Select, from the material below, each line with "Node" in it.

────────────────────

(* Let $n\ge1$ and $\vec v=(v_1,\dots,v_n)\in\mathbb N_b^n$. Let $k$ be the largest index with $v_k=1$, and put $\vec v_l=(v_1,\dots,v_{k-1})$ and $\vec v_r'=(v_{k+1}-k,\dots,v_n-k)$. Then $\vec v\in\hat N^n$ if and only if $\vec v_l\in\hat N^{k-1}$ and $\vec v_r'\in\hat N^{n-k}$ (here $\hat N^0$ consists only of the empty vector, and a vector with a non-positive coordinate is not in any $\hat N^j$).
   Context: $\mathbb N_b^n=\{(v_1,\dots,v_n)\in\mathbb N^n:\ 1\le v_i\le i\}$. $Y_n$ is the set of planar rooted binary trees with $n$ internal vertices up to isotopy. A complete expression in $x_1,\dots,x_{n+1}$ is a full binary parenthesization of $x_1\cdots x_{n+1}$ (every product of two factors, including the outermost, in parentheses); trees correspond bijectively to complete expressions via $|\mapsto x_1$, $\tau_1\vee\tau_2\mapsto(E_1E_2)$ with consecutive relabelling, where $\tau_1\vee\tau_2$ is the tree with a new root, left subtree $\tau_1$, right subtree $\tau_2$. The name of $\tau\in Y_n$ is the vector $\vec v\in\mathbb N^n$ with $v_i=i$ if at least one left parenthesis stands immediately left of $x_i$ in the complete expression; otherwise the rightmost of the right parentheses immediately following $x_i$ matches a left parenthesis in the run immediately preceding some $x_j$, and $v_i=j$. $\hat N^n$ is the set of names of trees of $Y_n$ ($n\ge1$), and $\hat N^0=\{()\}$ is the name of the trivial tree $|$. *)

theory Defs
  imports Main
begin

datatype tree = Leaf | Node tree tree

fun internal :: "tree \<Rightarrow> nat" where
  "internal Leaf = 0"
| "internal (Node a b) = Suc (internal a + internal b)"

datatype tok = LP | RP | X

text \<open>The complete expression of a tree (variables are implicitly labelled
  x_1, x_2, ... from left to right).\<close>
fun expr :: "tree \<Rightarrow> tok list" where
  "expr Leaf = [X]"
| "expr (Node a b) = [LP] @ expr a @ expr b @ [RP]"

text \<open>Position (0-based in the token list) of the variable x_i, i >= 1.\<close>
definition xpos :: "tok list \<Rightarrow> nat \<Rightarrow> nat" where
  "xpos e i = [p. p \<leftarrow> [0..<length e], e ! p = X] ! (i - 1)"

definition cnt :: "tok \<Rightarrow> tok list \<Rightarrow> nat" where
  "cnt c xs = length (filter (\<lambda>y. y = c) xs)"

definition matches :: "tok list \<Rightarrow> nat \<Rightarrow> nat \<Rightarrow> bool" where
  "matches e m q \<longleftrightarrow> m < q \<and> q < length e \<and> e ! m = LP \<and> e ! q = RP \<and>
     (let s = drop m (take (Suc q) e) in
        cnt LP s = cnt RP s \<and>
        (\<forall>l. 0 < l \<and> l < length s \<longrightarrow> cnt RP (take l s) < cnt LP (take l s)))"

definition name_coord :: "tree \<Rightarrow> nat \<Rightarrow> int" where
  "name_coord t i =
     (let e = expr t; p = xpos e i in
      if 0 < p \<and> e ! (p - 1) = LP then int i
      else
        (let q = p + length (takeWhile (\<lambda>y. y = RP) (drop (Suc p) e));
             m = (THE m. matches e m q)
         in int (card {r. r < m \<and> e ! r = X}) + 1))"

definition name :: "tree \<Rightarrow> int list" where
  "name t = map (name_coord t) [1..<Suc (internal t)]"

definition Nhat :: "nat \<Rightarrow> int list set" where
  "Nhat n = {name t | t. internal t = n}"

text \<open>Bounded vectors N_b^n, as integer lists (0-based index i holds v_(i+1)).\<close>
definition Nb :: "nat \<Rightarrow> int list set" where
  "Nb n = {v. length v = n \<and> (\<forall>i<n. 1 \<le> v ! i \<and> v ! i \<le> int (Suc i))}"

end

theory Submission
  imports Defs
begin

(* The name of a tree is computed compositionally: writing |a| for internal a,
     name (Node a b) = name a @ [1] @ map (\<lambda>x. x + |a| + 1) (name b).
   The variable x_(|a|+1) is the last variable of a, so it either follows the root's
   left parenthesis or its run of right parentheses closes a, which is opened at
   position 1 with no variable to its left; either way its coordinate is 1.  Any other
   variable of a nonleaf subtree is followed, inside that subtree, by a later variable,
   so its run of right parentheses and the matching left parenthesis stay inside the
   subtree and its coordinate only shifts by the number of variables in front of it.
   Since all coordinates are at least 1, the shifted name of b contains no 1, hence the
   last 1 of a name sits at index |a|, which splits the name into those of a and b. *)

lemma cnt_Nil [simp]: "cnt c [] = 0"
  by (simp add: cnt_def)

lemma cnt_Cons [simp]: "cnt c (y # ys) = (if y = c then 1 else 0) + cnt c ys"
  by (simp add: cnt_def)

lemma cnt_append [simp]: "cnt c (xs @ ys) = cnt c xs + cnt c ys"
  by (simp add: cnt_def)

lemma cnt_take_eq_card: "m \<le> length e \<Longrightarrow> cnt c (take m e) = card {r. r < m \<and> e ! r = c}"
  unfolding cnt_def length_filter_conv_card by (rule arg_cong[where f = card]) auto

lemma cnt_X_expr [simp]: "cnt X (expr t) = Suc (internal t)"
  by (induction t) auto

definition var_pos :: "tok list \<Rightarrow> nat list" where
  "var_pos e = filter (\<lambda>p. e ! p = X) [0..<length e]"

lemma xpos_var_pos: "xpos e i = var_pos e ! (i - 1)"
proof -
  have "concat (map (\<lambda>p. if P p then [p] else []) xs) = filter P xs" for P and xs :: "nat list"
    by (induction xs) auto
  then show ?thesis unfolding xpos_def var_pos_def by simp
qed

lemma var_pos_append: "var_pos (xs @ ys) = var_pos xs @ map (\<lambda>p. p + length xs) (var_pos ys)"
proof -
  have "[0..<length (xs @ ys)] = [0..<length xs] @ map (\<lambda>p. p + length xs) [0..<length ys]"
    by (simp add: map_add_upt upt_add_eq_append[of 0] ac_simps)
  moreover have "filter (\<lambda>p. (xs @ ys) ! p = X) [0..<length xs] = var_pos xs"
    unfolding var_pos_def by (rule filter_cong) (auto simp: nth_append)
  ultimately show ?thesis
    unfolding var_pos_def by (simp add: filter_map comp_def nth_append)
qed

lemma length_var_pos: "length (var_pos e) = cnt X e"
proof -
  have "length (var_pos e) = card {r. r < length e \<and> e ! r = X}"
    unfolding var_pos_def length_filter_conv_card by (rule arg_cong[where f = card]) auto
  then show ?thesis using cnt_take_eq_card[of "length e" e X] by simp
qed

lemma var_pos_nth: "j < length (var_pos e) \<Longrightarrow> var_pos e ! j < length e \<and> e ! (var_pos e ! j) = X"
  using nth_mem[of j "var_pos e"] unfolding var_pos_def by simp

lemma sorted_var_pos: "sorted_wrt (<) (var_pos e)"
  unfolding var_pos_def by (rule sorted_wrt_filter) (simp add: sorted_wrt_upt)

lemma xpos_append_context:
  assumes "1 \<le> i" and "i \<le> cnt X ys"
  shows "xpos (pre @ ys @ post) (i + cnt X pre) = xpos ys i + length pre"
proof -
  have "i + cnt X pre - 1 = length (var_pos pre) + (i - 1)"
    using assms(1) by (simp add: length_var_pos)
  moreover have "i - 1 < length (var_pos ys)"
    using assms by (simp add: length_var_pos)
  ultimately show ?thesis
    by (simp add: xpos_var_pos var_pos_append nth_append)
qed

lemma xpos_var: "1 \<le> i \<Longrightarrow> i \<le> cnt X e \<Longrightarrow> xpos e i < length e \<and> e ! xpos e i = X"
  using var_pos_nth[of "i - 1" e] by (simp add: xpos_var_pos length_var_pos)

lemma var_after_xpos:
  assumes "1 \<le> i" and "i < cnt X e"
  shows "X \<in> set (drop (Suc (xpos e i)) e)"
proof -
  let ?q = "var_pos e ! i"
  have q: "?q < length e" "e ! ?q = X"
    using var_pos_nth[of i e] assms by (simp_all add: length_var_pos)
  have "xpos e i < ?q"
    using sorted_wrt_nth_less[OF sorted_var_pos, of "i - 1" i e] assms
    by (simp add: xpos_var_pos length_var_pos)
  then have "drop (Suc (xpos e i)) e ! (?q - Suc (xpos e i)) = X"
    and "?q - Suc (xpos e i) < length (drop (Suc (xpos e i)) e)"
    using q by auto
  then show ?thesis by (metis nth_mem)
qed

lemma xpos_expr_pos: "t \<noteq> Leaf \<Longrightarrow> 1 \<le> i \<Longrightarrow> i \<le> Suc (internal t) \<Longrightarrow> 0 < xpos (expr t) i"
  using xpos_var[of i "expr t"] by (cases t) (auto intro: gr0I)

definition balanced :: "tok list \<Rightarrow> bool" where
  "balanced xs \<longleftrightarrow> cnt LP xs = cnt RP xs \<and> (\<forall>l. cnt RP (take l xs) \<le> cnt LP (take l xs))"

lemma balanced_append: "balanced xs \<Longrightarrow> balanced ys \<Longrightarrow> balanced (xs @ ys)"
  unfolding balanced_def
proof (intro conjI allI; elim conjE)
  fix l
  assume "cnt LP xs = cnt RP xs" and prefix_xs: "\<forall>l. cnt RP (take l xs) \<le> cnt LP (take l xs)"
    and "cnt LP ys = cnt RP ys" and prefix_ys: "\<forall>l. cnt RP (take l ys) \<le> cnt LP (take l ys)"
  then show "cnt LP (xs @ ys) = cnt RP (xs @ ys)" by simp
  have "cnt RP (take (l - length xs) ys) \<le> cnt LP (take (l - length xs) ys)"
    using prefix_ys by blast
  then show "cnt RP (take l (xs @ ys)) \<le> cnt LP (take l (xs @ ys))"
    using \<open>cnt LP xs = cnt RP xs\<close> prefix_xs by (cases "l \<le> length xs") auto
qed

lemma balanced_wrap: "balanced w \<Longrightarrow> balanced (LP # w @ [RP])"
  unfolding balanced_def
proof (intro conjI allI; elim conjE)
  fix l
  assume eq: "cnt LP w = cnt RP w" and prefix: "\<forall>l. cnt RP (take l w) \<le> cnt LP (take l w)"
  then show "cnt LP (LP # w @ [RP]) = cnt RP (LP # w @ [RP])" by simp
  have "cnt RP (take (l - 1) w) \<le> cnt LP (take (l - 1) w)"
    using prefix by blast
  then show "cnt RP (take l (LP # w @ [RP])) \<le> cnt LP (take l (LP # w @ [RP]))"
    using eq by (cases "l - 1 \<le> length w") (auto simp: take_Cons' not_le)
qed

────────────────────

ANSWER AREA
datatype tree = Leaf | Node tree tree
| "internal (Node a b) = Suc (internal a + internal b)"
| "expr (Node a b) = [LP] @ expr a @ expr b @ [RP]"
     name (Node a b) = name a @ [1] @ map (\<lambda>x. x + |a| + 1) (name b).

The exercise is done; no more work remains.